# Liberty BASIC help



## ted-m (Feb 28, 2007)

hi, I'm kind of a noob programmer, so far all I know is HTML and weakly a few other web-design languages, and I have a Liberty BASIC compiler and editor and everything, I have two of them, but I don't always have time to read the for dummies books, and I was wondering if anyone had a really good page for some online tutorials (free ones). Thanks if u can helpray:


----------



## DJ-Zep (Mar 11, 2006)

Funky Chickens is good for basic tutorials.

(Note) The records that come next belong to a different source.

text \<open>(1) \<Longrightarrow> (2): applied to the idempotent \<open>e j\<close>, ambidexterity forces \<open>evt V \<circ> e j \<noteq> 0\<close>, which
  fails unless j = j'.\<close>

lemma ambidextrous_imp_same_summand:
  assumes amb: "right_ambidextrous C V" shows "j = j'"
proof (rule ccontr)
  assume ne: "j \<noteq> j'"
  have eH: "i j \<cdot> p j \<in> hom (V \<odot> dl V) (V \<odot> dl V)" by (rule comp_hom[OF pj ij])
  have "(evt C V \<cdot> i j') \<cdot> (p j' \<cdot> i j) \<cdot> p j = (evt C V \<cdot> (i j' \<cdot> p j')) \<cdot> (i j \<cdot> p j)"
    by (subst comp_assoc[symmetric], (rule hom_intros ij pj ij' pj' refl | simp)+)+
  then have "evt C V \<cdot> (i j \<cdot> p j) = (evt C V \<cdot> i j') \<cdot> (p j' \<cdot> i j) \<cdot> p j"
    using evt_in_j' by simp
  also have "\<dots> = 0 *\<^sub>s evt C V"
    using proj_incl_other[OF j'_in j_in] ne comp_zero_left[OF pj] comp_zero_right[OF comp_hom[OF ij' evt_hom]]
    by simp
  finally have evt_e: "evt C V \<cdot> (i j \<cdot> p j) = 0 *\<^sub>s evt C V" .
  have "(i j \<cdot> p j) \<cdot> coev C V = (inv_mor C V (dl (dl V)) (phi C V) \<otimes> Idm (dl V)) \<cdot>
      (dualm C (V \<odot> dl V) (V \<odot> dl V) (i j \<cdot> p j) \<cdot> coevt C (dl V))"
    using amb eH unfolding right_ambidextrous_def Let_def by blast
  also have "\<dots> = 0 *\<^sub>s coev C V" by (rule ambidexterity_rhs[OF eH evt_e])
  finally show False using coev_in_j coev_nonzero by simp
qed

For detailed documentation and lessons for various web languages, check out W3 Schools.


----------



## ted-m (Feb 28, 2007)

I know W3 schools, it's geat for web languages and web related languages, but not much more, Liberty BASIC is a plain out programming language, and Funky Chicken, the same thing it's concentrated around myspace which is the internet, I need something about Liberty BASIC.


----------



## newbiegeek (Apr 14, 2009)

okay. first the for dummies is the best resource you could get. most free, online websites only tell you how to do stuff, not to understand it. the bottom line, stick with the for dummies. if not, just google stuff until you are happy. 

best of luck!!!


----------



## wmorri (May 29, 2008)

I am moving this to the programming section of the forum. BASIC isn't a web programming language, that I know of.


----------



## scotty2002 (Dec 6, 2009)

what is best way to learn how to master liberty basic i have alot of errors and alot of good work too but i want to know do they have something out there can help me to master it? thanks


----------



## ted-m (Feb 28, 2007)

Liberty BASIC for dummies, however may I just say that mastering Liberty BASIC will have absolutely no use to you, why don't you learn something semi-decent like Visual BASIC 6.0, its slightly harder than Liberty BASIC but much more accepted and powerful


----------